▶ _ASSIGNED TASK_: Print word for word the first line of the records below and every following line through the one containing "(* Polynomial ring"; print nothing else.

(Data records)
(* Fix a monomial order on $S$. Let $J$ be an ideal of $S$ and $E$ a monomial ideal of $S$. Then $(J,\widehat E)$ is a G-nice pair. Moreover, if $\mathcal E^m_{J,E}\neq\emptyset$, then $\widehat E\in\mathcal E^m_{J,E}$ and $\widehat E$ is the smallest element of $\mathcal E^m_{J,E}$ with respect to inclusion.
   Context: $K$ is a field and $S=K[x_1,\ldots,x_n]$ with a fixed monomial order. For $0\neq f\in S$, $\mathrm{in}(f)$ denotes its leading monomial; for an ideal $I$, $\mathrm{in}(I)$ is the ideal generated by the leading monomials of the nonzero elements of $I$. A pair $(J,E)$ of ideals is G-nice if $\mathrm{in}(J+E)=\mathrm{in}(J)+\mathrm{in}(E)$. For an ideal $J$ and a monomial ideal $E$, $\widehat E$ (the G-nice monomial closure of $E$ with respect to $J$) is the intersection of all monomial ideals $F$ of $S$ with $E\subseteq F$ and $(J,F)$ G-nice. Also $\mathcal E^m_{J,E}$ is the set of monomial ideals $F$ of $S$ with $E\subseteq F$, $J+E=J+F$, and $(J,F)$ G-nice. *)

theory Defs
  imports Main "HOL-Library.Poly_Mapping"
begin

(* Polynomial ring S = K[x_v : v in 'v], 'v a finite type of variables (n = CARD('v)); monomials are exponent vectors 'v =>0 nat, polynomials are finitely supported maps from monomials to K. *)

type_synonym ('v, 'k) mpoly = "('v \<Rightarrow>\<^sub>0 nat) \<Rightarrow>\<^sub>0 'k"

text \<open>Monomial order: a total order on monomials, compatible with multiplication,
  with 1 the least monomial (hence a well-order by Dickson's lemma).\<close>
definition monomial_order :: "(('v \<Rightarrow>\<^sub>0 nat) \<Rightarrow> ('v \<Rightarrow>\<^sub>0 nat) \<Rightarrow> bool) \<Rightarrow> bool" where
  "monomial_order le \<longleftrightarrow>
     (\<forall>a. le a a) \<and>
     (\<forall>a b. le a b \<and> le b a \<longrightarrow> a = b) \<and>
     (\<forall>a b c. le a b \<and> le b c \<longrightarrow> le a c) \<and>
     (\<forall>a b. le a b \<or> le b a) \<and>
     (\<forall>a b c. le a b \<longrightarrow> le (a + c) (b + c)) \<and>
     (\<forall>a. le 0 a)"

definition is_ideal :: "('v, 'k::field) mpoly set \<Rightarrow> bool" where
  "is_ideal I \<longleftrightarrow> 0 \<in> I \<and> (\<forall>a\<in>I. \<forall>b\<in>I. a + b \<in> I) \<and> (\<forall>a\<in>I. \<forall>r. r * a \<in> I)"

definition ideal_gen :: "('v, 'k::field) mpoly set \<Rightarrow> ('v, 'k) mpoly set" where
  "ideal_gen G = \<Inter> {I. is_ideal I \<and> G \<subseteq> I}"

definition ideal_sum :: "('v, 'k::field) mpoly set \<Rightarrow> ('v, 'k) mpoly set \<Rightarrow> ('v, 'k) mpoly set" where
  "ideal_sum I J = {a + b | a b. a \<in> I \<and> b \<in> J}"

definition is_monomial_ideal :: "('v, 'k::field) mpoly set \<Rightarrow> bool" where
  "is_monomial_ideal F \<longleftrightarrow> (\<exists>M. F = ideal_gen ((\<lambda>m. Poly_Mapping.single m 1) ` M))"

definition lead_mon :: "(('v \<Rightarrow>\<^sub>0 nat) \<Rightarrow> ('v \<Rightarrow>\<^sub>0 nat) \<Rightarrow> bool) \<Rightarrow> ('v, 'k::field) mpoly \<Rightarrow> ('v \<Rightarrow>\<^sub>0 nat)" where
  "lead_mon le f = (THE m. m \<in> Poly_Mapping.keys f \<and> (\<forall>m'\<in>Poly_Mapping.keys f. le m' m))"

definition init_ideal :: "(('v \<Rightarrow>\<^sub>0 nat) \<Rightarrow> ('v \<Rightarrow>\<^sub>0 nat) \<Rightarrow> bool) \<Rightarrow> ('v, 'k::field) mpoly set \<Rightarrow> ('v, 'k) mpoly set" where
  "init_ideal le I = ideal_gen {Poly_Mapping.single (lead_mon le f) 1 | f. f \<in> I \<and> f \<noteq> 0}"

definition G_nice :: "(('v \<Rightarrow>\<^sub>0 nat) \<Rightarrow> ('v \<Rightarrow>\<^sub>0 nat) \<Rightarrow> bool) \<Rightarrow> ('v, 'k::field) mpoly set \<Rightarrow> ('v, 'k) mpoly set \<Rightarrow> bool" where
  "G_nice le J E \<longleftrightarrow> init_ideal le (ideal_sum J E) = ideal_sum (init_ideal le J) (init_ideal le E)"

definition Gnice_closure :: "(('v \<Rightarrow>\<^sub>0 nat) \<Rightarrow> ('v \<Rightarrow>\<^sub>0 nat) \<Rightarrow> bool) \<Rightarrow> ('v, 'k::field) mpoly set \<Rightarrow> ('v, 'k) mpoly set \<Rightarrow> ('v, 'k) mpoly set" where
  "Gnice_closure le J E = \<Inter> {F. is_monomial_ideal F \<and> E \<subseteq> F \<and> G_nice le J F}"

definition Em_family :: "(('v \<Rightarrow>\<^sub>0 nat) \<Rightarrow> ('v \<Rightarrow>\<^sub>0 nat) \<Rightarrow> bool) \<Rightarrow> ('v, 'k::field) mpoly set \<Rightarrow> ('v, 'k) mpoly set \<Rightarrow> ('v, 'k) mpoly set set" where
  "Em_family le J E = {F. is_monomial_ideal F \<and> E \<subseteq> F \<and> ideal_sum J E = ideal_sum J F \<and> G_nice le J F}"

end

theory Submission
  imports Defs
begin

(* Write C for the closure, the intersection of all monomial ideals F \<supseteq> E with (J, F) G-nice.
   Monomial ideals are exactly the ideals containing every monomial occurring in their elements,
   so C is again a monomial ideal. If 0 \<noteq> f \<in> J + C and in(f) \<notin> in(J), then for each such F we
   have f \<in> J + F, hence in(f) \<in> in(J) + in(F); a monomial in a sum of monomial ideals lies in
   one of the summands, so in(f) \<in> in(F) \<subseteq> F. Thus in(f) \<in> C and (J, C) is G-nice, so C is the
   least member of its defining family. Every F in \<E>^m_{J,E} belongs to that family, and
   J + E \<subseteq> J + C \<subseteq> J + F = J + E puts C into \<E>^m_{J,E}. *)

lemma is_ideal_ideal_gen: "is_ideal (ideal_gen G)"
  unfolding ideal_gen_def is_ideal_def by auto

▶ _EXPECTED ANSWER_:
(* Fix a monomial order on $S$. Let $J$ be an ideal of $S$ and $E$ a monomial ideal of $S$. Then $(J,\widehat E)$ is a G-nice pair. Moreover, if $\mathcal E^m_{J,E}\neq\emptyset$, then $\widehat E\in\mathcal E^m_{J,E}$ and $\widehat E$ is the smallest element of $\mathcal E^m_{J,E}$ with respect to inclusion.
   Context: $K$ is a field and $S=K[x_1,\ldots,x_n]$ with a fixed monomial order. For $0\neq f\in S$, $\mathrm{in}(f)$ denotes its leading monomial; for an ideal $I$, $\mathrm{in}(I)$ is the ideal generated by the leading monomials of the nonzero elements of $I$. A pair $(J,E)$ of ideals is G-nice if $\mathrm{in}(J+E)=\mathrm{in}(J)+\mathrm{in}(E)$. For an ideal $J$ and a monomial ideal $E$, $\widehat E$ (the G-nice monomial closure of $E$ with respect to $J$) is the intersection of all monomial ideals $F$ of $S$ with $E\subseteq F$ and $(J,F)$ G-nice. Also $\mathcal E^m_{J,E}$ is the set of monomial ideals $F$ of $S$ with $E\subseteq F$, $J+E=J+F$, and $(J,F)$ G-nice. *)

theory Defs
  imports Main "HOL-Library.Poly_Mapping"
begin

(* Polynomial ring S = K[x_v : v in 'v], 'v a finite type of variables (n = CARD('v)); monomials are exponent vectors 'v =>0 nat, polynomials are finitely supported maps from monomials to K. *)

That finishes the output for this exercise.